Below are the records; give again exactly the line with "copies of the classes", the line with "by (induction n) auto", and each line that lies between them, and nothing besides.

-------------------------

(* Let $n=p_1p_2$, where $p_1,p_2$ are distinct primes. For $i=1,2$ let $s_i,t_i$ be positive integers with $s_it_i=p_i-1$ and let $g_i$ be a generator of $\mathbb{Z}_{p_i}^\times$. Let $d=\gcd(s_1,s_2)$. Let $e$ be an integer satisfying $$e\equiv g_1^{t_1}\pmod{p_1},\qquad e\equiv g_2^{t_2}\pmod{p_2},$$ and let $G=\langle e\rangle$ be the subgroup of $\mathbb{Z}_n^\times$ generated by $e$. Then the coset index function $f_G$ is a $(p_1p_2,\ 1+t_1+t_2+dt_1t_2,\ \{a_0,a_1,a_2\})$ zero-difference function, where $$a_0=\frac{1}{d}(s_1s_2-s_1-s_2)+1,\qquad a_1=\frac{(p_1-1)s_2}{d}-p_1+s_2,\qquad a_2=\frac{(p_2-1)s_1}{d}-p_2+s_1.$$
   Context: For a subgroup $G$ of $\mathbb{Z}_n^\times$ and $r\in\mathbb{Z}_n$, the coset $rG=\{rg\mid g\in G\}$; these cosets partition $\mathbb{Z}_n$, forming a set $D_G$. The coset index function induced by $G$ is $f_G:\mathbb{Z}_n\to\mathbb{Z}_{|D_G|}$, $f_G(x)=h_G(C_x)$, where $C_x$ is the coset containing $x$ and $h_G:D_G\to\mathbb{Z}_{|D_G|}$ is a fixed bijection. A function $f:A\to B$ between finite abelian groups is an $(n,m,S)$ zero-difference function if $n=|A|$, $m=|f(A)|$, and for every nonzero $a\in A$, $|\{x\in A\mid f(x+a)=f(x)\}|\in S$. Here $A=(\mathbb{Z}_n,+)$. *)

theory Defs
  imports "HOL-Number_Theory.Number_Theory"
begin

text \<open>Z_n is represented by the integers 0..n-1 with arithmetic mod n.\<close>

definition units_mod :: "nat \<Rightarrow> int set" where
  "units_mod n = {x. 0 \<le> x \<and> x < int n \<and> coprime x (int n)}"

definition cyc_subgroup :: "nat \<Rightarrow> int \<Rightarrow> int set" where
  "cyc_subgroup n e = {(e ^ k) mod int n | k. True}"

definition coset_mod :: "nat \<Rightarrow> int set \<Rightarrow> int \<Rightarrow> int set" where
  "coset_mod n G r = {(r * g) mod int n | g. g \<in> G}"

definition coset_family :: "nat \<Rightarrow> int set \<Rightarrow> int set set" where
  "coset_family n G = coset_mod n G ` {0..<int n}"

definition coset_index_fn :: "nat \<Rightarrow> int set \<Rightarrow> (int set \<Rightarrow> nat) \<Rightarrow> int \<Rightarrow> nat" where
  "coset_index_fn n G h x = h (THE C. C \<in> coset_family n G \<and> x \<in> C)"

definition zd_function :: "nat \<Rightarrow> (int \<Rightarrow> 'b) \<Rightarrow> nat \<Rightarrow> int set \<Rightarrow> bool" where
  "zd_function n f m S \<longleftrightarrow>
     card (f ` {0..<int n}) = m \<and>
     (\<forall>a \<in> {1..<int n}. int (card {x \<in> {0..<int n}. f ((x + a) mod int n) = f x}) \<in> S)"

-------------------------

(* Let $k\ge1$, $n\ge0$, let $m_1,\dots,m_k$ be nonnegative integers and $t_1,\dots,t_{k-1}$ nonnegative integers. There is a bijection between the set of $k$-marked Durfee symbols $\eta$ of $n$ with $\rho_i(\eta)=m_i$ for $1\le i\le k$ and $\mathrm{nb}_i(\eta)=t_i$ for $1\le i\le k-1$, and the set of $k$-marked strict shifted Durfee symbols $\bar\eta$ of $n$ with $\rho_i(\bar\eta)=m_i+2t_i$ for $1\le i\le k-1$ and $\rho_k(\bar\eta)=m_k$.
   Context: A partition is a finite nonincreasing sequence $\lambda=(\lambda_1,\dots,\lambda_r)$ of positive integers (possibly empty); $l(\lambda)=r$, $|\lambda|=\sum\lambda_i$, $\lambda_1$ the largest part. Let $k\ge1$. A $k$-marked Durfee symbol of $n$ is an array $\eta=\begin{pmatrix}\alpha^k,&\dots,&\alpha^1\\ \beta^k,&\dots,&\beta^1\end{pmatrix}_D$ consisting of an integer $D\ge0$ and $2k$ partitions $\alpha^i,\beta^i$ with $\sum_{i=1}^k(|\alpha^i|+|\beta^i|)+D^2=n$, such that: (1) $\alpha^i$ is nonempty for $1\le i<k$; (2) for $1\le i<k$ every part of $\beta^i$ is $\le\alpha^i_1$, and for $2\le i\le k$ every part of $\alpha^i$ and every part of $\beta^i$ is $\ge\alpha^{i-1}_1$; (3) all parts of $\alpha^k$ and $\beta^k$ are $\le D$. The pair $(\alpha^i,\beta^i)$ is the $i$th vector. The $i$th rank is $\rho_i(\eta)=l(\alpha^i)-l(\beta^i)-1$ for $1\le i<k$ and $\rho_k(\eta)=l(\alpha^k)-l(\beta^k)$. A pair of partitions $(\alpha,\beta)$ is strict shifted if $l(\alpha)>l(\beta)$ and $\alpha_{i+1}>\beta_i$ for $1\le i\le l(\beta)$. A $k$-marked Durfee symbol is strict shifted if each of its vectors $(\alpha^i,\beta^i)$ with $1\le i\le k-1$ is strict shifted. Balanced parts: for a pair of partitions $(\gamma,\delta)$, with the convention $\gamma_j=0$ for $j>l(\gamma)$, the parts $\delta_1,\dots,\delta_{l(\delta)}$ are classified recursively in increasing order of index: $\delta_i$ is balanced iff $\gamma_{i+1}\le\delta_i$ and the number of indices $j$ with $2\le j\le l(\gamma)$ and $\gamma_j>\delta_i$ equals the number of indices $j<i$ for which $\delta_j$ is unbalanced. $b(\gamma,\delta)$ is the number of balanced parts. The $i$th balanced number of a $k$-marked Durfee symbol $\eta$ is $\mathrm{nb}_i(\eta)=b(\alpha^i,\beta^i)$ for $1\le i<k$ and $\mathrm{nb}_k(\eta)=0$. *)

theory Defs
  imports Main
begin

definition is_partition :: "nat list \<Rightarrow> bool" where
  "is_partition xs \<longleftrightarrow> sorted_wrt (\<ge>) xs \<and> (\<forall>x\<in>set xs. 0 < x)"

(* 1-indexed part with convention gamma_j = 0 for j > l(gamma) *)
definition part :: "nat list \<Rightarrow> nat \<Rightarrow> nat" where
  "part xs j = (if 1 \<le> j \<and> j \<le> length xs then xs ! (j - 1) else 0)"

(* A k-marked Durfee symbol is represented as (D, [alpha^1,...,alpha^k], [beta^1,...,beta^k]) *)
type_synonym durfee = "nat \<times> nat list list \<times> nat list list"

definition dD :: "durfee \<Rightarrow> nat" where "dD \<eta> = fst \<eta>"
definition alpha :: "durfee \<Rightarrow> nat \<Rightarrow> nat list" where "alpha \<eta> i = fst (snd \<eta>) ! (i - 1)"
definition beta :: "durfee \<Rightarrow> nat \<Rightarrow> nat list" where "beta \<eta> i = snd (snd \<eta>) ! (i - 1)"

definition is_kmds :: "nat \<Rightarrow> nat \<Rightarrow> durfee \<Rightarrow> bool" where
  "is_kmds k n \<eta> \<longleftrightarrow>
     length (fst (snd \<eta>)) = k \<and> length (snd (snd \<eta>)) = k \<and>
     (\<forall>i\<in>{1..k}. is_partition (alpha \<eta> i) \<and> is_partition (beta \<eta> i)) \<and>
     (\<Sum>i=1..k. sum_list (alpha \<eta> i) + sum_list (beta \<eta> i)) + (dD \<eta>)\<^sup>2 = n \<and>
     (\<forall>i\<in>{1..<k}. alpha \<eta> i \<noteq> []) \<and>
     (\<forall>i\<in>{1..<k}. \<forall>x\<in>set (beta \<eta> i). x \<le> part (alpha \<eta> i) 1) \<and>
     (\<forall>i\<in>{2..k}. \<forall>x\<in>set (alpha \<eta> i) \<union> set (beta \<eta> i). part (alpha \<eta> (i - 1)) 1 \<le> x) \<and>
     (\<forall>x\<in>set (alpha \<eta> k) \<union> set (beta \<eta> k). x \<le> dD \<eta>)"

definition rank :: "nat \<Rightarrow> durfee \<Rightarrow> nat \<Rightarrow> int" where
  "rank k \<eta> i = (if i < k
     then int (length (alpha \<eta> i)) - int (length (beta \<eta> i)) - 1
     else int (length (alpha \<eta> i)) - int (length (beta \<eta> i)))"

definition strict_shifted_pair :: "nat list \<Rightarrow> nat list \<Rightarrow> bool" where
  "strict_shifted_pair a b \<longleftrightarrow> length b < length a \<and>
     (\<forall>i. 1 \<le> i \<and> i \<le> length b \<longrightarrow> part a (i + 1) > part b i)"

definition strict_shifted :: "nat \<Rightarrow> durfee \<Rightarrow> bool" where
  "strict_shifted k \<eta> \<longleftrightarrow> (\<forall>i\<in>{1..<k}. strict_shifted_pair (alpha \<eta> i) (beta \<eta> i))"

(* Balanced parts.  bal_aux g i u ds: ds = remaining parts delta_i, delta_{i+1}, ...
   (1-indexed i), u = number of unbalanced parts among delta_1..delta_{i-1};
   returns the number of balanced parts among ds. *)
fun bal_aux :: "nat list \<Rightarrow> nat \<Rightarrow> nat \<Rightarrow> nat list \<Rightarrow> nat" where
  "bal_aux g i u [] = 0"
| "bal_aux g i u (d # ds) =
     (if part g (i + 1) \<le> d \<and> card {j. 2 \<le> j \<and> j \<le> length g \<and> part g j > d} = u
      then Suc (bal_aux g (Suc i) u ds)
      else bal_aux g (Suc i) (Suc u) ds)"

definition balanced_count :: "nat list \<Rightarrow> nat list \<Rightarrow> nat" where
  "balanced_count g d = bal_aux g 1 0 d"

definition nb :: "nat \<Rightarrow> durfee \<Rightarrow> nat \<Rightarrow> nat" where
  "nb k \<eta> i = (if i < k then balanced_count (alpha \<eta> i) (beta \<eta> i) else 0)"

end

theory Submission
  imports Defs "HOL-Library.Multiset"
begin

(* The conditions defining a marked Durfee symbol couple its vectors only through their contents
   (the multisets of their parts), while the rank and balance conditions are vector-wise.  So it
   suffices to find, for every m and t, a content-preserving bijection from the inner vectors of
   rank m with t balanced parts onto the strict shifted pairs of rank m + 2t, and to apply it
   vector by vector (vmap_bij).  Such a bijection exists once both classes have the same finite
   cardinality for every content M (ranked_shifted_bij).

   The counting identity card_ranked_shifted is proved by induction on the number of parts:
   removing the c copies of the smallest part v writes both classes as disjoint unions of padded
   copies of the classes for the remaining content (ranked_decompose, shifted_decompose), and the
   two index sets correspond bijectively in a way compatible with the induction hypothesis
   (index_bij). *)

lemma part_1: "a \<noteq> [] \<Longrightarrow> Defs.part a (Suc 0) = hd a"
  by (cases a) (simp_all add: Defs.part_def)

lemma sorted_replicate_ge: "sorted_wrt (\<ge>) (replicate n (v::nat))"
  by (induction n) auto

-------------------------

Solution to the exercise
   copies of the classes for the remaining content (ranked_decompose, shifted_decompose), and the
   two index sets correspond bijectively in a way compatible with the induction hypothesis
   (index_bij). *)

lemma part_1: "a \<noteq> [] \<Longrightarrow> Defs.part a (Suc 0) = hd a"
  by (cases a) (simp_all add: Defs.part_def)

lemma sorted_replicate_ge: "sorted_wrt (\<ge>) (replicate n (v::nat))"
  by (induction n) auto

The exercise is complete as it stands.